- Vegan Chai Tiramisu
Vegan Chai Tiramisu
This Vegan Chai Tiramisu recipe is a caffeine-free twist on the classic Italian dessert - instead of lady fingers being dipped in espresso, they're dipped in our Vintage Chai. Tiramisu is traditionally made with mascarpone, sponge cake ladyfingers, coffee and alcohol. Here at Ahista Tea, we like to spice things up and continue to find ways to explore the endless possibilities with using tea as an active ingredient:
Chai Tea Concentrate
- 500 mL of water (2 cups)
- 2 Tea Bags / 2 Tbsp of Vintage Chai
- Add extra ginger or cinnamon for a greater spice kick
Dairy Free Sweet Cream
- 1½-2 cups dairy-free cream cheese alternative
- 7 ounces firm silken tofu
- ½-1 cup agave nectar
- ¼ cup plain dairy-free creamer
- 2 cups whole wheat pastry flour
- ¼ cup sugar
- 1 tbsp Baking Powder
- ¼ tsp salt
- 1 cup plain Dairy-Free Creamer
- ¾ cup Agave Nectar
- 2 servings prepared EnerG Egg Replacer or Just Eggs (equivalent of 2 eggs)
- 2 tbsp Oil
1) Preheat your oven to 350°F.
2) In a large bowl, whisk together the flour, sugar, baking powder, and salt. Combine the dry ingredients together.
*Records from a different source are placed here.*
lemma extend_to_basis:
  assumes "I \<subseteq> X" "indep I"
  shows "\<exists>K. I \<subseteq> K \<and> is_basis X K"
proof -
  let ?\<K> = "{K. I \<subseteq> K \<and> K \<subseteq> X \<and> indep K}"
  have "?\<K> \<subseteq> Pow E" using indep_subset_E by blast
  then have "finite ?\<K>" using finite_E by (simp add: finite_subset)
  then have fin: "finite (card ` ?\<K>)" by simp
  moreover have "card ` ?\<K> \<noteq> {}" using assms by blast
  ultimately have "Max (card ` ?\<K>) \<in> card ` ?\<K>" by (rule Max_in)
  then obtain K where K: "K \<in> ?\<K>" "card K = Max (card ` ?\<K>)" by auto
  have "card K = mrank indep X"
  proof (rule ccontr)
    assume "card K \<noteq> mrank indep X"
    with K have "card K < mrank indep X" using card_le_mrank le_neq_implies_less by blast
    moreover obtain L where L: "is_basis X L" using ex_basis by blast
    ultimately obtain f where f: "f \<in> L - K" "indep (insert f K)"
      using K indep_augment[of K L] unfolding is_basis_def by auto
    then have "insert f K \<in> ?\<K>" using K L unfolding is_basis_def by auto
    then have "card (insert f K) \<le> card K" using fin K(2) by simp
    then show False using f K finite_indep by simp
  qed
  then show ?thesis using K unfolding is_basis_def by blast
qed
lemma simple_graph_PC:
  assumes adm: "exits_admissible ds N"
  shows "n \<le> N \<Longrightarrow> simple_graph (PC_vertices n ds) (PC_edges n ds)"
proof (induction n)
  case 0
  then show ?case by (simp add: simple_graph_def PC_vertices_def PC_edges_def hex_vertices_0 hex_edges_0)
next
  case (Suc n)
  show ?case
  proof (cases "n = 0")
    case True
    then show ?thesis using simple_graph_hexagon[OF inj_on_Pair] by (simp add: PC_one)
  next
    case False
    then have n: "1 \<le> n" "n < N" using Suc.prems by auto
    have "simple_graph (PC_vertices n ds \<union> {(n - 1, exit_pos ds (n - 1)), (n, 0)})
        (PC_edges n ds \<union> {{(n - 1, exit_pos ds (n - 1)), (n, 0)}})"
      using Suc n by (intro simple_graph_Un simple_graph_edge) auto
    then show ?thesis
      unfolding PC_Suc_decomposition[OF adm n]
      using simple_graph_hexagon[OF inj_on_Pair] by (rule simple_graph_Un)
  qed
qed

lemma PC_step:
  assumes adm: "exits_admissible ds N" and n: "1 \<le> n" "n < N"
  defines "a \<equiv> card (subtrees_through (PC_vertices n ds) (PC_edges n ds) (n - 1, exit_pos ds (n - 1)))"
  shows "card (subtrees (PC_vertices (Suc n) ds) (PC_edges (Suc n) ds)) =
      card (subtrees (PC_vertices n ds) (PC_edges n ds)) + 36 + 21 * a"
    and "x < 6 \<Longrightarrow> card (subtrees_through (PC_vertices (Suc n) ds) (PC_edges (Suc n) ds) (n, x)) +
      hexagon_pair_count x = 21 + (a + 1) * hexagon_pair_count x"
proof -
  let ?u = "(n - 1, exit_pos ds (n - 1))"
  have G: "simple_graph (PC_vertices n ds) (PC_edges n ds)" using simple_graph_PC[OF adm] n by simp
  have G': "simple_graph (PC_vertices n ds \<union> {?u, (n, 0)}) (PC_edges n ds \<union> {{?u, (n, 0)}})"
    using G n by (intro simple_graph_Un simple_graph_edge) auto
  note pendant = card_subtrees_attach_pendant[OF G PC_Suc_decomposition(1,2)[OF adm n]]
  note hexagon = card_subtrees_attach_hexagon[OF G' inj_on_Pair PC_Suc_decomposition(5)[OF adm n]]
  show "card (subtrees (PC_vertices (Suc n) ds) (PC_edges (Suc n) ds)) =
      card (subtrees (PC_vertices n ds) (PC_edges n ds)) + 36 + 21 * a"
    using hexagon(1) pendant by (simp add: PC_Suc_decomposition[OF adm n] a_def)
  show "x < 6 \<Longrightarrow> card (subtrees_through (PC_vertices (Suc n) ds) (PC_edges (Suc n) ds) (n, x)) +
      hexagon_pair_count x = 21 + (a + 1) * hexagon_pair_count x"
    using hexagon(2)[of x] pendant(2) by (simp add: PC_Suc_decomposition[OF adm n] a_def)
qed

lemma SC_vertices_Suc: "SC_vertices (Suc n) ds = SC_vertices n ds \<union> hexagon_vertices (\<lambda>j. spiro_map ds (n, j))"
  by (simp add: SC_vertices_def hex_vertices_Suc hexagon_vertices_def image_Un image_image)

lemma SC_edges_Suc: "SC_edges (Suc n) ds = SC_edges n ds \<union> hexagon_edges (\<lambda>j. spiro_map ds (n, j))"
  by (simp add: SC_edges_def hex_edges_Suc hexagon_edges_def image_Un image_image)

lemma SC_one:
  "SC_vertices (Suc 0) ds = hexagon_vertices (\<lambda>j. spiro_map ds (0, j))"
  "SC_edges (Suc 0) ds = hexagon_edges (\<lambda>j. spiro_map ds (0, j))"
  using SC_vertices_Suc[of 0] SC_edges_Suc[of 0]
  by (simp_all add: SC_vertices_def SC_edges_def hex_vertices_0 hex_edges_0)

lemma inj_on_spiro_map: "inj_on (\<lambda>j. spiro_map ds (n, j)) {0..<6}"
  by (auto simp: inj_on_def spiro_map_def split: if_splits)

lemma simple_graph_SC: "simple_graph (SC_vertices n ds) (SC_edges n ds)"
proof (induction n)
  case 0
  then show ?case by (simp add: simple_graph_def SC_vertices_def SC_edges_def hex_vertices_0 hex_edges_0)
next
  case (Suc n)
  show ?case
    unfolding SC_vertices_Suc SC_edges_Suc
    using Suc.IH simple_graph_hexagon[OF inj_on_spiro_map] by (rule simple_graph_Un)
qed

lemma SC_vertices_subset:
  assumes adm: "exits_admissible ds N" and "n \<le> N"
  shows "SC_vertices n ds \<subseteq> hex_vertices n"
proof
  fix v assume "v \<in> SC_vertices n ds"
  then obtain i j where ij: "i < n" "j < 6" "v = spiro_map ds (i, j)"
    by (auto simp: SC_vertices_def hex_vertices_def)
  show "v \<in> hex_vertices n"
  proof (cases "j = 0 \<and> 0 < i")
    case True
    then have "exit_pos ds (i - 1) < 6" using exit_pos_less[OF adm, of "i - 1"] ij assms(2) by simp
    then show ?thesis using ij True by (auto simp: spiro_map_def hex_vertices_def)
  next
    case False
    then show ?thesis using ij by (auto simp: spiro_map_def hex_vertices_def)
  qed
qed

lemma spiro_map_attach:
  assumes adm: "exits_admissible ds N" and n: "1 \<le> n" "n < N"
  shows "spiro_map ds (n, 0) = spiro_map ds (n - 1, exit_pos ds (n - 1))"
proof (cases "n = 1")
  case False
  then have "exit_pos ds (n - 1) \<noteq> 0" using exit_pos_nonzero[OF adm, of "n - 1"] n by simp
  then show ?thesis using n by (simp add: spiro_map_def)
qed (simp add: spiro_map_def)

lemma SC_cut_vertex:
  assumes adm: "exits_admissible ds N" and n: "1 \<le> n" "n < N"
  shows "SC_vertices n ds \<inter> hexagon_vertices (\<lambda>j. spiro_map ds (n, j)) = {spiro_map ds (n, 0)}"
proof
  have sub: "SC_vertices n ds \<subseteq> hex_vertices n" using SC_vertices_subset[OF adm] n by simp
  show "SC_vertices n ds \<inter> hexagon_vertices (\<lambda>j. spiro_map ds (n, j)) \<subseteq> {spiro_map ds (n, 0)}"
  proof
    fix v assume v: "v \<in> SC_vertices n ds \<inter> hexagon_vertices (\<lambda>j. spiro_map ds (n, j))"
    then obtain j where j: "j < 6" "v = spiro_map ds (n, j)" by (auto simp: hexagon_vertices_def)
    have "fst v < n" using v sub by (auto simp: hex_vertices_def)
    then have "j = 0" using j n by (auto simp: spiro_map_def split: if_splits)
    then show "v \<in> {spiro_map ds (n, 0)}" using j by simp
  qed
  have "(n - 1, exit_pos ds (n - 1)) \<in> hex_vertices n"
    using exit_pos_less[OF adm, of "n - 1"] n by (simp add: hex_vertices_def)
  then have "spiro_map ds (n, 0) \<in> SC_vertices n ds"
    unfolding spiro_map_attach[OF adm n] SC_vertices_def by blast
  moreover have "spiro_map ds (n, 0) \<in> hexagon_vertices (\<lambda>j. spiro_map ds (n, j))"
    by (simp add: hexagon_vertices_def)
  ultimately show "{spiro_map ds (n, 0)} \<subseteq> SC_vertices n ds \<inter> hexagon_vertices (\<lambda>j. spiro_map ds (n, j))"
    by simp
qed

lemma SC_step:
  assumes adm: "exits_admissible ds N" and n: "1 \<le> n" "n < N"
  defines "b \<equiv> card (subtrees_through (SC_vertices n ds) (SC_edges n ds)
    (spiro_map ds (n - 1, exit_pos ds (n - 1))))"
  shows "card (subtrees (SC_vertices (Suc n) ds) (SC_edges (Suc n) ds)) =
      card (subtrees (SC_vertices n ds) (SC_edges n ds)) + 15 + 20 * b"
    and "x < 6 \<Longrightarrow> card (subtrees_through (SC_vertices (Suc n) ds) (SC_edges (Suc n) ds) (spiro_map ds (n, x))) +
      hexagon_pair_count x = 21 + b * hexagon_pair_count x"
  using card_subtrees_attach_hexagon[OF simple_graph_SC inj_on_spiro_map SC_cut_vertex[OF adm n]]
  unfolding b_def spiro_map_attach[OF adm n, symmetric] SC_vertices_Suc SC_edges_Suc
  by simp_all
3) In a medium bowl, whisk together the creamer, agave, Energ-G “eggs,” or 'Just Egg' and oil.
4) Fold the wet ingredients into the dry ingredients.
5) Scrape the batter into a pastry bag. Pipe the batter into 3-inch long by 1-inch wide cookies, leaving about a 1 inch between each cookie.
6) Bake for 16-20 minutes.
7) Pour the chai tea into a shallow bowl.
8) Pour chai concentrate onto a small plate with a lip and set aside. Roll each ladyfinger slowly in chai concentrate, bounce each end in the concentrate, and then lay into the baking dish with rounded side up. Repeat with enough ladyfingers to line the bottom of the baking dish. Top the ladyfingers with roughly half of the cream mixture
9) Repeat with a second layer of ladyfingers and cream mixture
10) Chill the tiramisu for at least 30 minutes.